Пытаюсь выдавить из себя «где она», но язык не слушается, а голос Калиды вновь заполняет слух.
— Ты как упал с кобылы, так я к тебе. Вижу, кровища рекой, и не остановить ее никак. Обломок копья торчит из тела, кольчуга разодрана еще в трех местах и отовсюду кровь хлещет. От ужаса, что я тебя не сберег, аж похолодел весь. Стаскиваю с себя кольчугу, рву рубах и тут слышу: «Отойди, не мешай!» Оборачиваюсь, она стоит. Откуда тут, посреди кровавой мясорубки, взялась, не знаю, только смотрит так, что не послушать ее нельзя.
Я в сторону, а она села рядом, глаза закатила и начала бормотать. Что бормочет, не понимаю, только вижу, кровь у тебя остановилась и не бежит больше.
У меня тут надежда проснулась, смотрю на нее, а она вдруг обломок копья вытащила и рану пуком травы какой-то закрыла. Затем говорит, несите его ко мне!
Я голову поднял, вижу, новгородцы уже бегут везде, а наши тех, кого поймали, вяжут в полон. Кликнул тогда троих стрелков, и мы тебя на плащ перекатили и понесли. Шли долго, но, хвала Господу, донесли тебя живого!
Калида перевел дух и закончил:
— Тута ведьма твоя тебя раздела, раны промыла, заштопала тебя, словно рубаху драную. И вот здеся ты уже неделю без сознания лежишь, а она от тебя не отходит. Никого к тебе не пущает, и я уж, честно скажу, начал надежду терять! А седня глянул, а ты вона, очнулся!
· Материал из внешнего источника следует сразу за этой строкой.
definition Pi_nu :: "'a measure \<Rightarrow> real^'d \<Rightarrow> ('a \<Rightarrow> real^'d) \<Rightarrow> real \<Rightarrow> real \<Rightarrow> (real^'d) set" where
  "Pi_nu M S0 S1 r \<nu> = {\<pi>. (\<integral>\<omega>. excess_ret S0 S1 r \<pi> \<omega> \<partial>M) = \<nu>}"

definition rho_nu :: "'a measure \<Rightarrow> real^'d \<Rightarrow> ('a \<Rightarrow> real^'d) \<Rightarrow> real
    \<Rightarrow> (('a \<Rightarrow> real) \<Rightarrow> ereal) \<Rightarrow> real \<Rightarrow> ereal" where
  "rho_nu M S0 S1 r \<rho> \<nu> = (INF \<pi>\<in>Pi_nu M S0 S1 r \<nu>. \<rho> (excess_ret S0 S1 r \<pi>))"

definition rho_opt :: "'a measure \<Rightarrow> real^'d \<Rightarrow> ('a \<Rightarrow> real^'d) \<Rightarrow> real
    \<Rightarrow> (('a \<Rightarrow> real) \<Rightarrow> ereal) \<Rightarrow> real \<Rightarrow> (real^'d) set" where
  "rho_opt M S0 S1 r \<rho> \<nu> = {\<pi> \<in> Pi_nu M S0 S1 r \<nu>.
      \<rho> (excess_ret S0 S1 r \<pi>) < \<infinity> \<and>
      (\<forall>\<pi>'\<in>Pi_nu M S0 S1 r \<nu>. \<rho> (excess_ret S0 S1 r \<pi>) \<le> \<rho> (excess_ret S0 S1 r \<pi>'))}"

definition riesz_L :: "'a measure \<Rightarrow> ('a \<Rightarrow> real) set \<Rightarrow> bool" where
  "riesz_L M L \<longleftrightarrow>
     L \<subseteq> borel_measurable M \<and>
     (\<forall>f\<in>L. \<forall>g\<in>L. (\<lambda>\<omega>. f \<omega> + g \<omega>) \<in> L) \<and>
     (\<forall>f\<in>L. \<forall>c::real. (\<lambda>\<omega>. c * f \<omega>) \<in> L) \<and>
     (\<forall>f\<in>L. \<forall>g\<in>L. (\<lambda>\<omega>. max (f \<omega>) (g \<omega>)) \<in> L \<and> (\<lambda>\<omega>. min (f \<omega>) (g \<omega>)) \<in> L) \<and>
     (\<forall>f\<in>borel_measurable M. (\<exists>C. AE \<omega> in M. \<bar>f \<omega>\<bar> \<le> C) \<longrightarrow> f \<in> L) \<and>
     (\<forall>f\<in>L. integrable M f)"

definition risk_measure :: "'a measure \<Rightarrow> ('a \<Rightarrow> real) set \<Rightarrow> (('a \<Rightarrow> real) \<Rightarrow> ereal) \<Rightarrow> bool" where
  "risk_measure M L \<rho> \<longleftrightarrow>
     (\<forall>X\<in>L. \<rho> X \<noteq> -\<infinity>) \<and>
     (\<forall>X1\<in>L. \<forall>X2\<in>L. (AE \<omega> in M. X1 \<omega> \<le> X2 \<omega>) \<longrightarrow> \<rho> X1 \<ge> \<rho> X2) \<and>
     (\<forall>X\<in>L. \<forall>c::real. \<rho> (\<lambda>\<omega>. X \<omega> + c) = \<rho> X - ereal c) \<and>
     (\<forall>X\<in>L. \<forall>a::real. a \<ge> 0 \<longrightarrow> \<rho> (\<lambda>\<omega>. a * X \<omega>) = ereal a * \<rho> X)"
(* Let $(G,u,v,\alpha,\beta)$ be a Guvab, with associated Wasserstein distances $W_k$ ($k\ge 0$). Then: (i) either the sequence $\{W_{2k}\}_{k\ge0}$ is eventually constant, or there exist a constant $\lambda_{\mathrm{even}}\in(-1,1)$ and a constant $c_{\mathrm{even}}>0$ such that $\left|W_{2k}-\lim_{k\to\infty}W_{2k}\right| \sim c_{\mathrm{even}}\cdot|\lambda_{\mathrm{even}}|^{2k}$ as $k\to\infty$; (ii) either the sequence $\{W_{2k+1}\}_{k\ge0}$ is eventually constant, or there exist a constant $\lambda_{\mathrm{odd}}\in(-1,1)$ and a constant $c_{\mathrm{odd}}>0$ such that $\left|W_{2k+1}-\lim_{k\to\infty}W_{2k+1}\right| \sim c_{\mathrm{odd}}\cdot|\lambda_{\mathrm{odd}}|^{2k+1}$ as $k\to\infty$. (The limits $\lim_k W_{2k}$ and $\lim_k W_{2k+1}$ always exist.)
   Context: A Guvab is a tuple $(G,u,v,\alpha,\beta)$ where $G$ is a finite, connected, simple graph, $u,v\in V(G)$, and $\alpha,\beta\in[0,1]$ with $\alpha\le\beta$. A random walk on $G$ with starting vertex $w$ and laziness $\gamma$ is the Markov chain $R_0=w$ and, for $i\ge1$, $R_i=R_{i-1}$ with probability $\gamma$ and $R_i=t$ with probability $\frac{1-\gamma}{\deg(R_{i-1})}$ for each neighbor $t$ of $R_{i-1}$. Let $\mu_k$ be the distribution of the $k$-th step of the walk from $u$ with laziness $\alpha$ and $\nu_k$ that of the walk from $v$ with laziness $\beta$. The Wasserstein distance $W(\mu,\nu)$ between two probability distributions on $V(G)$ is the minimum, over couplings (transportation plans) $T\ge0$ on $V(G)\times V(G)$ with marginals $\mu$ and $\nu$, of $\sum_{w_1,w_2} d(w_1,w_2)T(w_1,w_2)$, where $d$ is the graph distance; equivalently $W(\mu,\nu)=\max_{\ell}\sum_{w}\ell(w)(\mu(w)-\nu(w))$ over 1-Lipschitz functions $\ell:V(G)\to\mathbb{R}$. Set $W_k=W(\mu_k,\nu_k)$. A real sequence $\{S_i\}_{i\ge0}$ is eventually constant if there is $N$ with $S_k=S_N$ for all $k\ge N$. For sequences $a_k,b_k$, $a_k\sim b_k$ means $a_k/b_k\to1$. *)

theory Defs
  imports "HOL-Analysis.Analysis" "HOL-Library.Landau_Symbols"
begin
Он радостно улыбнулся, а я, наконец, выдавил.
— Где она⁈
— Дак в лесу! Седня первый день вышла, сказала траву надо ей какую-то найти. — Успокаивающе затараторил Калида. — Ты не волнуйся, придет она скоро!
Прикрываю глаза, мол, ладно, не буду, и снова проваливаюсь в небытие.
Через мгновение вновь открываю глаза и вижу уже смотрящие мне прямо в душу зеленые глаза Иргиль. По тому, что чувствую себя намного лучше, понимаю — прошло далеко не мгновение, а куда больше.
В избе все также темно, душно и пахнет сушеной травой. Не говоря мне ни слова, Иргиль подает плошку с водой, и только тут я понимаю, как хочу пить.
Обливая себе подбородок, жадно глотаю живительную влагу и слышу над собой суровый голос Иргиль.
— Еще раз подобную глупость выкинешь, я тебя больше спасать не буду!
Поднимаю на нее глаза и пытаюсь изобразить улыбку.
— А ты не бросай меня, тогда и спасать не придется!
* * *
Пошел уже второй день, как я очнулся. Чувствую себя намного лучше, но Иргиль не позволяет мне вставать и не пускает ко мне никого, кроме Калиды. С точки зрения человека двадцать первого века, я ее понимаю и одобряю. Мой организм очень сильно подорван ранением, иммунитет ослаблен и любая инфекция — грипп там или орз — может стать фатальной.
Но это с отвлеченной точки зрения человека двадцать первого века, а я сегодняшний точно знаю, что не могу позволить себе бездействия, но и ссориться с Иргиль мне тоже не хочется. Она не позволяет Калиде говорить со мной о делах, передавать какие-либо письма и уж тем более давать мне перо и бумагу. Прямо цербер какой-то, и спорить с ней не решается даже Калида. После того, как она вытащила меня, буквально, с того света, авторитет у нее абсолютный.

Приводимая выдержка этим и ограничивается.